- Church: Catholic Church
- Diocese: Diocese of Bafatá
- In office: 13 March 2001 – 31 March 2021
- Predecessor: Diocese erected
- Successor: Víctor Luís Quematcha

Orders
- Ordination: 5 January 1985 by Geraldo Majella Agnelo
- Consecration: 30 June 2001 by Albano Bortoletto Cavallin

Personal details
- Born: 7 October 1954 Santa Cruz do Rio Pardo, São Paulo, United States of Brazil
- Died: 31 March 2021 (aged 66) Prabis, Biombo region, Guinea-Bissau

= Carlos Pedro Zilli =

Brazilian bishop (1954–2021)

Carlos Pedro Zilli (7 October 1954 – 31 March 2021) was a Brazilian-born Bissau-Guinean Roman Catholic bishop. He became the Roman Catholic bishop of the newly created Diocese of Bafatá in Guinea-Bissau in 2001.

==Biography==
Zilli was born in Santa Cruz do Rio Pardo, São Paulo State.
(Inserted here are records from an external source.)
lemma pow2_eq_times_ulp:
  assumes "p \<ge> 1"
  shows "(2::real) powr of_int e = 2 ^ (p - 1) * 2 powr of_int (e - int p + 1)"
proof -
  have "(2::real) powr of_int e = 2 powr real (p - 1) * 2 powr of_int (e - int p + 1)"
    using assms by (simp add: powr_add [symmetric] of_nat_diff)
  then show ?thesis
    by (simp add: powr_realpow)
qed

lemma pow2_succ_eq_times_ulp:
  "(2::real) powr of_int (e + 1) = 2 ^ p * 2 powr of_int (e - int p + 1)"
proof -
  have "(2::real) powr of_int (e + 1) = 2 powr real p * 2 powr of_int (e - int p + 1)"
    unfolding powr_add [symmetric] by (intro arg_cong [where f = "(powr) 2"]) simp
  then show ?thesis
    by (simp add: powr_realpow)
qed

lemma pow2_ulp_eq:
  "(2::real) powr of_int (e - int p + 1) = 2 * 2 powr - real p * 2 powr of_int e"
proof -
  have "(2::real) powr of_int (e - int p + 1) = 2 powr 1 * 2 powr - real p * 2 powr of_int e"
    unfolding powr_add [symmetric] by (intro arg_cong [where f = "(powr) 2"]) simp
  then show ?thesis
    by simp
qed

lemma fp_set_pow2:
  assumes "p \<ge> 1" "emin \<le> e" "e \<le> emax"
  shows "(2::real) powr of_int e \<in> fp_set p emin emax"
proof -
  have "(2::int) ^ p = 2 * 2 ^ (p - 1)"
    using assms(1) by (cases p) simp_all
  then have "\<bar>(2::int) ^ (p - 1)\<bar> \<le> 2 ^ p - 1"
    by simp
  then show ?thesis
    unfolding fp_set_def pow2_eq_times_ulp [OF assms(1), of e] using assms(2,3)
    by (intro CollectI exI [of _ "2 ^ (p - 1)"] exI [of _ e]) simp
qed
lemma mu_approx:
  assumes "\<epsilon> > 0"
  shows "\<exists>f. f \<in> C0 le \<and> {s. f s \<noteq> 0} \<subseteq> {v. lt_of le u v} \<and>
    N (\<lambda>s. (if le s u then 1 else 0) + f s) < mu le N u + \<epsilon>"
proof -
  let ?X = "{N (\<lambda>s. (if le s u then 1 else 0) + f s) | f.
    f \<in> C0 le \<and> {s. f s \<noteq> 0} \<subseteq> {v. lt_of le u v}}"
  have "?X \<noteq> {}" using C0_zero by fastforce
  from cInf_lessD[OF this, of "Inf ?X + \<epsilon>"] assms show ?thesis
    unfolding mu_def by auto
qed

lemma successor_bump:
  fixes f :: "'a \<Rightarrow> real"
  assumes "is_tree le" "u \<in> succs le t" "{s. f s \<noteq> 0} \<subseteq> {v. lt_of le u v}"
  shows "(if le s u then 1 else 0) + f s =
      (if le s t then 1 else 0) + ((if s = u then 1 else 0) + f s)"
    and "(if s = u then 1 else 0) + f s \<noteq> 0 \<Longrightarrow> le u s"
    and "f u = 0"
proof -
  show "(if le s u then 1 else 0) + f s =
      (if le s t then 1 else 0) + ((if s = u then 1 else 0) + f s)"
    using succs_downset_iff[OF assms(1,2)] succs_not_le[OF assms(2)] by auto
  show "(if s = u then 1 else 0) + f s \<noteq> 0 \<Longrightarrow> le u s"
    using assms(3) tree_refl[OF assms(1)] unfolding lt_of_def by (cases "s = u") auto
  show "f u = 0"
    using assms(3) unfolding lt_of_def by auto
qed

context
  fixes le :: "'a \<Rightarrow> 'a \<Rightarrow> bool" and N :: "('a \<Rightarrow> real) \<Rightarrow> real"
  assumes haus: "hausdorff_tree le" and norm: "equivalent_norm le N"
begin

lemma mu_le_norm:
  assumes "f \<in> C0 le" "{s. f s \<noteq> 0} \<subseteq> {v. lt_of le u v}"
  shows "mu le N u \<le> N (\<lambda>s. (if le s u then 1 else 0) + f s)"
  unfolding mu_def
proof (rule cInf_lower)
  show "bdd_below {N (\<lambda>s. (if le s u then 1 else 0) + f s) | f.
      f \<in> C0 le \<and> {s. f s \<noteq> 0} \<subseteq> {v. lt_of le u v}}"
    using equivalent_norm_nonneg[OF norm C0_add[OF downset_indicator_C0[OF haus]]]
    by (intro bdd_belowI[of _ 0]) blast
qed (use assms in blast)
lemma continuous_on_group_mult [continuous_intros]:
  assumes "continuous_on A F" and "continuous_on A K"
  shows "continuous_on A (\<lambda>x. F x \<otimes> K x)"
proof -
  have "continuous_on UNIV (\<lambda>p. fst p \<otimes> snd p)"
    using topological_group by (simp add: topological_group_def)
  from continuous_on_compose2[OF this continuous_on_Pair[OF assms]] show ?thesis
    by simp
qed

lemma continuous_on_group_inv [continuous_intros]:
  assumes "continuous_on A F"
  shows "continuous_on A (\<lambda>x. inv F x)"
proof -
  have "continuous_on UNIV (\<lambda>x. inv x)"
    using topological_group by (simp add: topological_group_def)
  from continuous_on_compose2[OF this assms] show ?thesis
    by simp
qed

lemma mult_nbhds:
  assumes "open Q" and "a \<otimes> b \<in> Q"
  obtains A B where "open A" "open B" "a \<in> A" "b \<in> B" "\<And>x y. x \<in> A \<Longrightarrow> y \<in> B \<Longrightarrow> x \<otimes> y \<in> Q"
proof -
  have "open ((\<lambda>p. fst p \<otimes> snd p) -` Q)"
    by (intro open_vimage assms(1) continuous_intros)
  moreover have "(a, b) \<in> (\<lambda>p. fst p \<otimes> snd p) -` Q"
    using assms(2) by simp
  ultimately obtain A B where "open A" "open B" "(a, b) \<in> A \<times> B" "A \<times> B \<subseteq> (\<lambda>p. fst p \<otimes> snd p) -` Q"
    by (rule open_prod_elim)
  then show ?thesis
    using that by fastforce
qed

lemma div_nbhds:
  assumes "open Q" and "a \<otimes> inv b \<in> Q"
  obtains A B where "open A" "open B" "a \<in> A" "b \<in> B" "\<And>x y. x \<in> A \<Longrightarrow> y \<in> B \<Longrightarrow> x \<otimes> inv y \<in> Q"
proof -
  obtain A B where AB: "open A" "open B" "a \<in> A" "inv b \<in> B" "\<And>x y. x \<in> A \<Longrightarrow> y \<in> B \<Longrightarrow> x \<otimes> y \<in> Q"
    using mult_nbhds[OF assms] by blast
  have "open ((\<lambda>y. inv y) -` B)"
    by (intro open_vimage AB(2) continuous_intros)
  then show ?thesis
    using that[of A "(\<lambda>y. inv y) -` B"] AB by simp
qed

lemma open_conjugation_vimage: "open B \<Longrightarrow> open {g. g \<otimes> k \<otimes> inv g \<in> B}"
  using open_vimage[of B "\<lambda>g. g \<otimes> k \<otimes> inv g"] by (simp add: vimage_def continuous_intros)

lemma continuous_into_conjugates_subgroup:
  assumes "continuous_into_conjugates G K S" and "subgroup K G"
  shows "subgroup (S y) G"
proof -
  obtain g where "S y = conj_sub G g K"
    using assms(1) unfolding continuous_into_conjugates_def conjugates_def by blast
  then show ?thesis
    using subgroup_conj_sub[OF assms(2)] by simp
qed

lemma continuous_into_conjugates_eventually_meets:
  assumes "continuous_into_conjugates G K S" and "open B" and "S y \<inter> B \<noteq> {}"
  shows "eventually (\<lambda>x. S x \<inter> B \<noteq> {}) (nhds y)"
proof -
  have "{g. conj_sub G g K \<in> {L. L \<inter> B \<noteq> {}}} = (\<Union>k\<in>K. {g. g \<otimes> k \<otimes> inv g \<in> B})"
    by (auto simp: mem_conj_sub disjoint_iff)
  then have "open {g. conj_sub G g K \<in> {L. L \<inter> B \<noteq> {}}}"
    using open_conjugation_vimage[OF assms(2)] by auto
  then have "open {x. S x \<in> {L. L \<inter> B \<noteq> {}}}"
    using assms(1) unfolding continuous_into_conjugates_def by blast
  then show ?thesis
    using assms(3) by (auto simp: eventually_nhds)
qed

end

locale isometric_cocycle = top_group G
  for G :: "('g::t1_space) monoid" (structure) +
  fixes T :: "'x::metric_space \<Rightarrow> 'x" and f :: "'x \<Rightarrow> 'g"
  assumes bij_T: "bij T"
    and dist_T: "\<And>x y. dist (T x) (T y) = dist x y"
    and continuous_f: "continuous_on UNIV f"
begin
(* Let $|\psi\rangle=\sum_{n\ge0}\sqrt{p_n}|n\rangle$ and $|\phi\rangle=\sum_{n\ge0}\sqrt{q_n}|n\rangle$ be states of $\mathcal{H}'$, where $p_n,q_n\ge0$ and $\sum_np_n=\sum_nq_n=1$. There exists a deterministic (trace-preserving) U(1)-invariant operation $\mathcal{E}$ with $\mathcal{E}(|\psi\rangle\langle\psi|)=|\phi\rangle\langle\phi|$ if and only if there is a probability distribution $(w_k)_{k\in\mathbb{Z}}$ (i.e. $0\le w_k\le1$, $\sum_kw_k=1$) such that $$\vec p=\sum_{k=-\infty}^{\infty}w_k\Upsilon_k\vec q,$$ where $\vec p=(p_n)_{n\ge0}$, $\vec q=(q_n)_{n\ge0}$, and $\Upsilon_k$ is the shift defined by $(\Upsilon_k\vec q)_{m}=q_{m-k}$ for $m\ge0$ (with $q_{x}:=0$ for $x<0$).
   Context: Let $\mathcal{H}'$ be the Hilbert space with orthonormal basis $\{|n\rangle: n=0,1,2,\dots\}$, let $\hat N=\sum_n n|n\rangle\langle n|$, and let U(1) act by $T(\phi)=e^{i\phi\hat N}$. A U(1)-invariant operation is a completely positive, trace-nonincreasing linear map $\mathcal{E}$ on operators on $\mathcal{H}'$ with $\mathcal{E}(T(\phi)XT(\phi)^\dagger)=T(\phi)\mathcal{E}(X)T(\phi)^\dagger$ for all $\phi,X$; it is deterministic if it is trace-preserving. *)

theory Defs
  imports "HOL-Analysis.Analysis"
begin

text \<open>Operators on the Hilbert space H' = l2(nat) with orthonormal basis |n>, represented
  by their matrices in that basis: X i j = <i|X|j>.\<close>

type_synonym mat = "nat \<Rightarrow> nat \<Rightarrow> complex"

definition hilbert_schmidt :: "mat \<Rightarrow> bool" where
  "hilbert_schmidt B \<longleftrightarrow> (\<lambda>(i,j). (cmod (B i j))^2) summable_on UNIV"

text \<open>Trace class = products of two Hilbert-Schmidt operators (X = B^dagger C).\<close>
definition trace_class :: "mat \<Rightarrow> bool" where
  "trace_class X \<longleftrightarrow> (\<exists>B C. hilbert_schmidt B \<and> hilbert_schmidt C \<and>
      (\<forall>i j. X i j = (\<Sum>\<^sub>\<infinity>k. cnj (B k i) * C k j)))"
(* For every integer $n\ge1$ and every $\eta>0$, $$\sup_{0\ne f\in\mathcal{T}_n(\eta)}\frac{|f'(0)|}{\|f\|_{L_2[0,1]}} \ge (1+\varepsilon_n)\,3^{-1/2}\,n^3,$$ where $1+\varepsilon_n := 3^{1/2}n^{-3}\left(\sum_{k=0}^{n-1}k^2(k+1)^2(2k+1)\right)^{1/2}$ (so $\varepsilon_n\to0$ as $n\to\infty$).
   Context: For $\eta>0$, $\mathcal{T}_n(\eta)$ denotes the set of all functions $f(t)=\sum_{j=1}^na_je^{i\lambda_jt}$ with $a_j\in\mathbb{C}$ and real $0<\lambda_1<\lambda_2<\cdots<\lambda_n<\eta$. $\|f\|_{L_2[0,1]}=(\int_0^1|f|^2)^{1/2}$. *)

theory Defs
  imports "HOL-Analysis.Analysis"
begin

definition expsum :: "nat \<Rightarrow> (nat \<Rightarrow> complex) \<Rightarrow> (nat \<Rightarrow> real) \<Rightarrow> real \<Rightarrow> complex" where
  "expsum n a lam t = (\<Sum>j<n. a j * exp (\<i> * complex_of_real (lam j * t)))"

definition Tn :: "nat \<Rightarrow> real \<Rightarrow> (real \<Rightarrow> complex) set" where
  "Tn n \<eta> = {f. \<exists>a lam. strict_mono_on {..<n} lam \<and> (\<forall>j<n. 0 < lam j \<and> lam j < \<eta>)
                        \<and> f = expsum n a lam}"

definition L2norm01 :: "(real \<Rightarrow> complex) \<Rightarrow> real" where
  "L2norm01 f = sqrt (integral {0..1} (\<lambda>t. (cmod (f t))\<^sup>2))"

definition eps_n :: "nat \<Rightarrow> real" where
  "eps_n n = sqrt 3 * real n powr (-3)
     * sqrt (\<Sum>k<n. real k ^ 2 * real (k + 1) ^ 2 * real (2 * k + 1)) - 1"

end

theory Submission
  imports
    Defs
    "HOL-Computational_Algebra.Polynomial"
    "HOL-Probability.Characteristic_Functions"
begin

text \<open>
  Among real polynomials p of degree < n, the functional p \<mapsto> p'(0) is represented in L2[0,1]
  by K = \<Sum>k<n. (2k+1) Q_k'(0) Q_k, where the Q_k are the shifted Legendre polynomials
  (orthogonal on [0,1], with \<integral> Q_k^2 = 1/(2k+1)). Hence K'(0) = \<integral> K^2 = \<Sum>k<n. (2k+1) Q_k'(0)^2
  = \<Sum>k<n. k^2 (k+1)^2 (2k+1) =: S, and K'(0) / \<parallel>K\<parallel> = \<surd>S.

  Substituting (e^(i\<delta>t) - 1)/(i\<delta>) for t in K and multiplying by e^(ict) gives, by the binomial
  theorem, an exponential sum with frequencies c, c + \<delta>, ..., c + (n-1)\<delta>; it tends to
  e^(ict) K(t) uniformly on [0,1] as \<delta> \<rightarrow> 0. Its derivative at 0 is S + ic K(0). Since
  K(0) \<noteq> 0, this imaginary part is a fixed gain that absorbs the O(\<delta>) error in the norm,
  so for small \<delta> the ratio is already at least \<surd>S.
\<close>

section \<open>Products of consecutive integers\<close>

lemma prod_atLeast1_atMost_plus: "(\<Prod>i=1..k. real m + real i) = fact (m + k) / fact m"
proof (induction k)
  case (Suc k)
  have "(\<Prod>i=1..Suc k. real m + real i) = (\<Prod>i=1..k. real m + real i) * real (Suc (m + k))"
    by simp
  then show ?case using Suc by simp
qed simp

lemma prod_atMost_plus_fact: "(\<Prod>l\<le>k. real m + 1 + real l) = fact (m + Suc k) / fact m"
proof -
  have "(\<Prod>l\<le>k. real m + 1 + real l) = (\<Prod>i=1..Suc k. real m + real i)"
    using prod.atLeast1_atMost_eq[of "\<lambda>i. real m + real i" "Suc k"]
    by (simp add: lessThan_Suc_atMost ac_simps)
  then show ?thesis by (simp only: prod_atLeast1_atMost_plus)
qed

lemma prod_atLeast1_atMost_Suc_diff: "(\<Prod>i=1..k. real k + 1 - real i) = fact k"
proof -
  have "(\<Prod>i=1..k. real k + 1 - real i) = (\<Prod>i=1..k. real i)"
  proof (rule prod.reindex_bij_witness[where i="\<lambda>i. Suc k - i" and j="\<lambda>i. Suc k - i"])
    fix i assume "i \<in> {1..k}"
    then show "real (Suc k - i) = real k + 1 - real i" by (simp add: of_nat_diff)
  qed auto
  then show ?thesis by (simp add: fact_prod)
qed

lemma prod_lessThan_diff: "(\<Prod>l<m. real l - real m) = (-1) ^ m * fact m"
proof (induction m)
  case (Suc m)
  have "(\<Prod>l<Suc m. real l - real (Suc m)) = - real (Suc m) * (\<Prod>l<m. real l - real m)"
    by (subst prod.lessThan_Suc_shift) simp
  then show ?case using Suc by (simp add: algebra_simps)
qed simp

lemma prod_greaterThanAtMost_diff:
  "m \<le> k \<Longrightarrow> (\<Prod>l\<in>{m<..k}. real l - real m) = fact (k - m)"
proof (induction k)
  case (Suc k)
  show ?case
  proof (cases "m = Suc k")
    case False
    then have "m \<le> k" "{m<..Suc k} = insert (Suc k) {m<..k}" using Suc.prems by auto
    then have "(\<Prod>l\<in>{m<..Suc k}. real l - real m) = real (Suc (k - m)) * fact (k - m)"
      using Suc.IH by (simp add: of_nat_diff)
    also have "\<dots> = fact (Suc k - m)"
      using \<open>m \<le> k\<close> by (simp add: Suc_diff_le del: of_nat_Suc)
    finally show ?thesis .
  qed simp
qed simp

lemma prod_atMost_remove_diff:
  assumes "m \<le> k"
  shows "(\<Prod>l\<in>{..k} - {m}. real l - real m) = (-1) ^ m * fact m * fact (k - m)"
proof -
  have split: "{..k} - {m} = {..<m} \<union> {m<..k}" using assms by auto
  have "(\<Prod>l\<in>{..k} - {m}. real l - real m)
        = (\<Prod>l<m. real l - real m) * (\<Prod>l\<in>{m<..k}. real l - real m)"
    unfolding split by (rule prod.union_disjoint) auto
  then show ?thesis
    using prod_lessThan_diff[of m] prod_greaterThanAtMost_diff[OF assms] by simp
qed

section \<open>Shifted Legendre polynomials\<close>

definition shifted_legendre_coeff :: "nat \<Rightarrow> nat \<Rightarrow> real" where
  "shifted_legendre_coeff k i = (-1) ^ (k + i) * real (k choose i) * real ((k + i) choose i)"

text \<open>shifted_legendre k t = P_k(2t - 1), where P_k is the Legendre polynomial.\<close>

definition shifted_legendre :: "nat \<Rightarrow> real \<Rightarrow> real" where
  "shifted_legendre k t = (\<Sum>i\<le>k. shifted_legendre_coeff k i * t ^ i)"

lemma shifted_legendre_coeff_eq_0: "k < i \<Longrightarrow> shifted_legendre_coeff k i = 0"
  by (simp add: shifted_legendre_coeff_def)

lemma shifted_legendre_coeff_0: "shifted_legendre_coeff k 0 = (-1) ^ k"
  by (simp add: shifted_legendre_coeff_def)

lemma shifted_legendre_coeff_1:
  "shifted_legendre_coeff k 1 = (-1) ^ Suc k * (real k * real (Suc k))"
  by (simp add: shifted_legendre_coeff_def)

lemma shifted_legendre_coeff_1_sq: "shifted_legendre_coeff k 1 ^ 2 = real k ^ 2 * real (k + 1) ^ 2"
  unfolding shifted_legendre_coeff_1 by (simp add: power_mult_distrib power2_eq_square)

lemma shifted_legendre_coeff_diag: "shifted_legendre_coeff k k = real ((2 * k) choose k)"
  by (simp add: shifted_legendre_coeff_def mult_2)

lemma shifted_legendre_coeff_times_fact:
  assumes "m \<le> k"
  shows "shifted_legendre_coeff k m * ((-1) ^ m * fact m * fact (k - m)) = (-1) ^ k * fact (m + k) / fact m"
proof -
  have "real (k choose m) * real ((k + m) choose m) * (fact m * fact (k - m))
        = (fact m * fact (k - m) * real (k choose m)) * real ((k + m) choose m)"
    by (simp only: ac_simps)
  also have "\<dots> = fact m * fact k * real ((k + m) choose m) / fact m"
    using arg_cong[OF binomial_fact_lemma[OF assms], of real] by simp
  also have "\<dots> = fact (m + k) / fact m"
    using arg_cong[OF binomial_fact_lemma[of m "k + m"], of real] by (simp add: add.commute)
  finally have "real (k choose m) * real ((k + m) choose m) * (fact m * fact (k - m)) = fact (m + k) / fact m" .
  moreover have "(-1) ^ (k + m) * (-1) ^ m = ((-1) ^ k :: real)"
    by (simp add: power_add mult.assoc)
  ultimately show ?thesis
    unfolding shifted_legendre_coeff_def
    by (metis (no_types, lifting) mult.assoc mult.left_commute times_divide_eq_right)
qed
He became a member of the Pontifical Institute for Foreign Missions (P.I.M.E.) on 6 July 1984. He was ordained a Roman Catholic priest on 5 January 1985. He was sent shortly after to Guinea-Bissau, where he was parochial vicar at Bafatá mission. He was also deputy of the bishop for the Cacheu zone. He held office as president of the commission for the formation of the major seminarians, from 1986 to 1998, and regional superior of the Pontifical Institute for Foreign Missions in Guinea-Bissau, from 1993 to 1997.

On 13 March 2001, Zilli was appointed the first bishop of the Diocese of Bafatá when it was created from the Diocese of Bissau. He was ordained on 30 June 2001.

Zilli died in Prabis on 31 March 2021, from COVID-19. He was 66 years old.